В 2007 г. ее можно было бы назвать поэтом, привлекавшим наибольшее читательское внимание среди тех, кто стал писать после 80-х. В поэзии Чжэн Сяоцюн многие специалисты увидели коллективный опыт в уменьшенном масштабе — работница поточной линии без высшего образования могла говорить от лица многих. Составитель антологии "Литература двадцать первого века. Поэзия" (世纪中国文学大系·诗歌卷) и профессор Пекинского педагогического института Чжан Цинхуа (张清华) высказывался о поразительной силе обобщения в ее работах, о важности того, что она делает, потому что это "помогает обозреть с высоты целое поколение". Чтобы иметь такую возможность, Чжэн Сяоцюн отказалась от членства в литературной организации города Дунгуань, что сулило ей другое рабочее место — она хотела говорить с людьми, записывать их истории, которые не должны быть забыты.
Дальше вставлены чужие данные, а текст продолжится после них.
lemma sat_same_order:
  "same_order_on (fv \<phi>) v v' \<Longrightarrow> sat \<phi> v = sat \<phi> v'"
proof (induction \<phi> arbitrary: v v')
  case (FEq i j)
  then show ?case using same_order_on_eq_iff[OF FEq.prems] by simp
next
  case (FConj \<phi> \<psi>)
  then show ?case by (metis same_order_on_subset Un_upper1 Un_upper2 fv.simps(4) sat.simps(4))
next
  case (FEx x \<phi>)
  have ex_transfer: "sat (FEx x \<phi>) w \<Longrightarrow> sat (FEx x \<phi>) w'"
    if same: "same_order_on (fv \<phi> - {x}) w w'" for w w'
  proof -
    assume "sat (FEx x \<phi>) w"
    then obtain a where a: "sat \<phi> (w(x := a))" by auto
    obtain a' where "same_order_on (insert x (fv \<phi> - {x})) (w(x := a)) (w'(x := a'))"
      using same_order_on_extend[OF _ _ same] finite_fv by blast
    then have "same_order_on (fv \<phi>) (w(x := a)) (w'(x := a'))"
      by (rule same_order_on_subset) blast
    then have "sat \<phi> (w(x := a)) = sat \<phi> (w'(x := a'))"
      by (rule FEx.IH)
    then show ?thesis using a by auto
  qed
  show ?case
    using ex_transfer FEx.prems same_order_on_sym by (metis fv.simps(5))
qed (simp_all add: same_order_on_def)

lemma fo_definable_length: "fo_definable (n, R) \<Longrightarrow> t \<in> R \<Longrightarrow> length t = n"
  unfolding fo_definable_def by auto

lemma fo_definable_same_order_mem:
  assumes "fo_definable (n, R)" "t \<in> R" "length w = n"
    and "same_order_on {..<n} (nth t) (nth w)"
  shows "w \<in> R"
proof -
  obtain \<phi> where \<phi>: "fv \<phi> \<subseteq> {..<n}" "R = {t. length t = n \<and> sat \<phi> (nth t)}"
    using assms(1) unfolding fo_definable_def by auto
  have "sat \<phi> (nth t) = sat \<phi> (nth w)"
    using same_order_on_subset[OF assms(4) \<phi>(1)] by (rule sat_same_order)
  then show ?thesis using assms(2,3) \<phi>(2) by auto
qed

lemma fo_definable_map_strict_mono:
  assumes "fo_definable (n, R)" "t \<in> R" "strict_mono h"
  shows "map h t \<in> R"
proof -
  have "length t = n" using fo_definable_length assms(1,2) .
  then have "same_order_on {..<n} (nth t) (nth (map h t))"
    unfolding same_order_on_def using strict_mono_less[OF assms(3)] by simp
  then show ?thesis using fo_definable_same_order_mem assms(1,2) \<open>length t = n\<close> by simp
qed

section \<open>Ord-Horn clauses built from the equalities of a tuple\<close>

definition respects_eqs :: "'a list \<Rightarrow> 'b list \<Rightarrow> bool" where
  "respects_eqs t s \<longleftrightarrow> (\<forall>i<length t. \<forall>j<length t. t ! i = t ! j \<longrightarrow> s ! i = s ! j)"

definition eq_pairs :: "'a list \<Rightarrow> (nat \<times> nat) list" where
  "eq_pairs t = filter (\<lambda>(i, j). t ! i = t ! j) (List.product [0..<length t] [0..<length t])"

lemma respects_eqs_refl: "respects_eqs t t"
  unfolding respects_eqs_def by blast

lemma respects_eqsD:
  "respects_eqs t s \<Longrightarrow> i < length t \<Longrightarrow> j < length t \<Longrightarrow> t ! i = t ! j \<Longrightarrow> s ! i = s ! j"
  unfolding respects_eqs_def by blast

lemma respects_eqs_map_combine:
  assumes "respects_eqs t u" "respects_eqs t w"
  shows "respects_eqs t (map (\<lambda>i. G (u ! i) (w ! i)) [0..<length t])"
  unfolding respects_eqs_def
proof (intro allI impI)
  fix i j assume ij: "i < length t" "j < length t" "t ! i = t ! j"
  have "u ! i = u ! j" "w ! i = w ! j"
    using respects_eqsD[OF assms(1) ij] respects_eqsD[OF assms(2) ij] .
  then show "map (\<lambda>i. G (u ! i) (w ! i)) [0..<length t] ! i = map (\<lambda>i. G (u ! i) (w ! i)) [0..<length t] ! j"
    using ij(1,2) by simp
qed

lemma same_order_on_if_respects_eqs_strict_mono:
  fixes t w :: "'a::linorder list"
  assumes "respects_eqs t w" "\<forall>x<length t. \<forall>y<length t. t ! x < t ! y \<longrightarrow> w ! x < w ! y"
  shows "same_order_on {..<length t} (nth t) (nth w)"
  unfolding same_order_on_def
proof (intro ballI)
  fix i j assume "i \<in> {..<length t}" "j \<in> {..<length t}"
  then show "t ! i < t ! j \<longleftrightarrow> w ! i < w ! j"
    using assms unfolding respects_eqs_def by (metis lessThan_iff linorder_neqE order.asym order.irrefl)
qed

lemma ex_eq_pairs_neq_iff: "(\<exists>(i, j)\<in>set (eq_pairs t). s ! i \<noteq> s ! j) \<longleftrightarrow> \<not> respects_eqs t s"
  unfolding eq_pairs_def respects_eqs_def by auto

lemma finite_eq_pairs_image: "finite (eq_pairs ` {t. length t = n})"
proof (rule finite_subset)
  let ?P = "List.product [0..<n] [0..<n]"
  show "eq_pairs ` {t. length t = n} \<subseteq> {ds. set ds \<subseteq> set ?P \<and> length ds \<le> length ?P}"
    unfolding eq_pairs_def by (force intro: order.trans[OF length_filter_le])
  show "finite {ds. set ds \<subseteq> set ?P \<and> length ds \<le> length ?P}"
    by (rule finite_lists_length_le) simp
qed

definition literals_over :: "nat \<Rightarrow> (nat \<times> ordrel \<times> nat) option set" where
  "literals_over n = insert None (Some ` ({..<n} \<times> UNIV \<times> {..<n}))"

lemma finite_literals_over: "finite (literals_over n)"
proof -
  have "(UNIV :: ordrel set) = {OLt, OLe, OEq}" using ordrel.exhaust by auto
  then have "finite (UNIV :: ordrel set)" by (metis finite.emptyI finite_insert)
  then show ?thesis unfolding literals_over_def by simp
qed

lemma ord_horn_relI:
  assumes "finite C" "\<forall>c\<in>C. clause_vars c \<subseteq> {..<n}" "\<forall>s\<in>R. length s = n"
    and "\<And>t. length t = n \<Longrightarrow> t \<notin> R \<Longrightarrow> \<exists>c\<in>C. (\<forall>s\<in>R. clause_sat c s) \<and> \<not> clause_sat c t"
  shows "ord_horn_rel (n, R)"
proof -
  obtain cs where cs: "set cs = {c\<in>C. \<forall>s\<in>R. clause_sat c s}"
    using finite_list[of "{c\<in>C. \<forall>s\<in>R. clause_sat c s}"] assms(1) by auto
  have "R = {t. length t = n \<and> (\<forall>c\<in>set cs. clause_sat c t)}"
    using assms(3,4) cs by blast
  moreover have "\<forall>c\<in>set cs. clause_vars c \<subseteq> {..<n}" using assms(2) cs by auto
  ultimately show ?thesis unfolding ord_horn_rel_def by auto
qed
Ей присуждали премии, печатали, звали работать в Дунгуаньский институт литературы, но она не соглашалась и должна была все это скрывать, иначе женщины — те женщины, о которых она писала и на положение которых хотела обратить внимание — не сказали бы ей ни слова. Они знали горе: травмы на производстве, бедность, болезни, но было и другое. Каждый вечер Чжэн видела соседку с разными мужчинами, потом она плакала и говорила, что не может выйти замуж ни за кого из них. Соседка привела ее к другим — нужно было запоминать и записывать. 2008 год выдался тяжелым, Чжэн Сяоцюн часто меняла места работы, слушала дочек, жен, матерей в Цзянси, Хэнани, Чунцине.
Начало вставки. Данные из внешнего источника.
(* Assume (R) and let $n\ge1$ be odd. Then $A_n(x)=(2x-1)F_n(x(x-1))$, where for all $k\ge0$ $$(-1)^kf_{n,k}=[x^k]\,S_{n,2k}(x)=\frac1{k!}\frac{d^k}{dx^k}A^\star_{n,2k}(x)\Big|_{x=1}.$$ Here $S_{n,2k}(x)\in\mathbb C[[x]]$ for $0\le k\le d_n$ and $S_{n,2k}(x)\in\mathbb C[x]$ for $k>d_n$, in which case $S_{n,2k}$ is anti-palindromic: $S_{n,2k}(x)=-x^{2k}S_{n,2k}(x^{-1})$. The coefficients satisfy $f_{n,0}=-\alpha_n$, $f_{n,d_n}=\tfrac12\alpha_0$, $f_{n,k}=0$ for $k>d_n$, and for $0\le k\le n$ $$f_{n,k}=(-1)^k\sum_{\nu=0}^{k}\binom{2k-n}{k-\nu}s_{n,\nu}=(-1)^{k+1}\sum_{\nu=0}^{k}\binom{2k-\nu}{k}\binom{n}{\nu}\alpha_{n-\nu}.$$ For the even index $n+1$: $A_{n+1}(x)=F_{n+1}(x(x-1))$ with $f_{n+1,0}=\alpha_{n+1}$, $f_{n+1,k}=\frac{n+1}{k}f_{n,k-1}$ for $1\le k<d_{n+1}$, $f_{n+1,d_{n+1}}=\alpha_0$, and $f_{n+1,k}=0$ for $k>d_{n+1}$.
   Context: Let $(\alpha_n)_{n\ge0}$ be an arbitrary sequence of complex numbers with Appell polynomials $A_n(x)=\sum_{\nu=0}^{n}\binom{n}{\nu}\alpha_{n-\nu}x^\nu$; property (R) means $A_n(1-x)=(-1)^nA_n(x)$ for all $n\ge0$. For $n\ge0,k\in\mathbb Z$ let $A^\star_{n,k}(x)=x^kA_n(x^{-1})$. Let $s_{n,k}=\sum_{\nu=k}^{n}\binom{n}{\nu}\binom{\nu}{k}\alpha_\nu$, $S_n(x)=\sum_{k=0}^n s_{n,k}x^k$, and the formal power series $S_{n,k}(x)=S_n(x)(x+1)^{k-n}=S_n(x)\sum_{\nu\ge0}\binom{k-n}{\nu}x^\nu$ (generalized binomial coefficients, also used in $\binom{2k-n}{k-\nu}$). $[x^k]$ denotes the coefficient of $x^k$. Let $d_n=\lfloor n/2\rfloor$, $\delta_n=1$ if $n$ odd, $0$ otherwise. Under (R), for each $n$ there is a unique polynomial $F_n(u)=\sum_{k\ge0}f_{n,k}u^k$ of degree at most $d_n$ with $A_n(x)=(2x-1)^{\delta_n}F_n(x(x-1))$ (explicitly $f_{n,k}=2^{2k-n}\sum_{\nu=0}^{d_n-k}\binom{n}{2\nu}\binom{d_n-\nu}{k}S_{2\nu}(1)$ for $k\le d_n$), with $f_{n,k}=0$ for $k>d_n$. *)

theory Defs
  imports "HOL-Analysis.Analysis" "HOL-Computational_Algebra.Computational_Algebra"
begin

definition appell :: "(nat \<Rightarrow> complex) \<Rightarrow> nat \<Rightarrow> complex \<Rightarrow> complex" where
  "appell \<alpha> n x = (\<Sum>\<nu>\<le>n. of_nat (n choose \<nu>) * \<alpha> (n - \<nu>) * x ^ \<nu>)"

definition propR :: "(nat \<Rightarrow> complex) \<Rightarrow> bool" where
  "propR \<alpha> \<longleftrightarrow> (\<forall>n x. appell \<alpha> n (1 - x) = (-1) ^ n * appell \<alpha> n x)"

definition appell_star :: "(nat \<Rightarrow> complex) \<Rightarrow> nat \<Rightarrow> int \<Rightarrow> complex \<Rightarrow> complex" where
  "appell_star \<alpha> n k x = x powi k * appell \<alpha> n (inverse x)"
К 2010 г. историй накопилось слишком много, пора было делать книгу: их работа, их кровь, их дети, опять работа, мужчины, смерти, деньги, и опять работа. Они — женщины, и у каждой было имя. Яо Линь (姚琳), Чжу Цин (竹青), А Янь (阿艳) — личными именами реальных людей называются стихотворения из книги "Записки работницы" (女工记), они запечатлены в поэтическом слове. "Трижды блажен, кто введет в песнь имя; / Украшенная названьем песнь / Дольше живет среди других", — писал Мандельштам. Еще со времен работы на поточной линии под номером 245 Чжэн Сяоцюн поняла, что так можно преодолеть отчуждение труда. А в "Стихотворении без имени" (无名者) субъект пугающе обезличен, что позволяет высказыванию претендовать на высокую степень обобщения, утверждать повсеместность социального зла.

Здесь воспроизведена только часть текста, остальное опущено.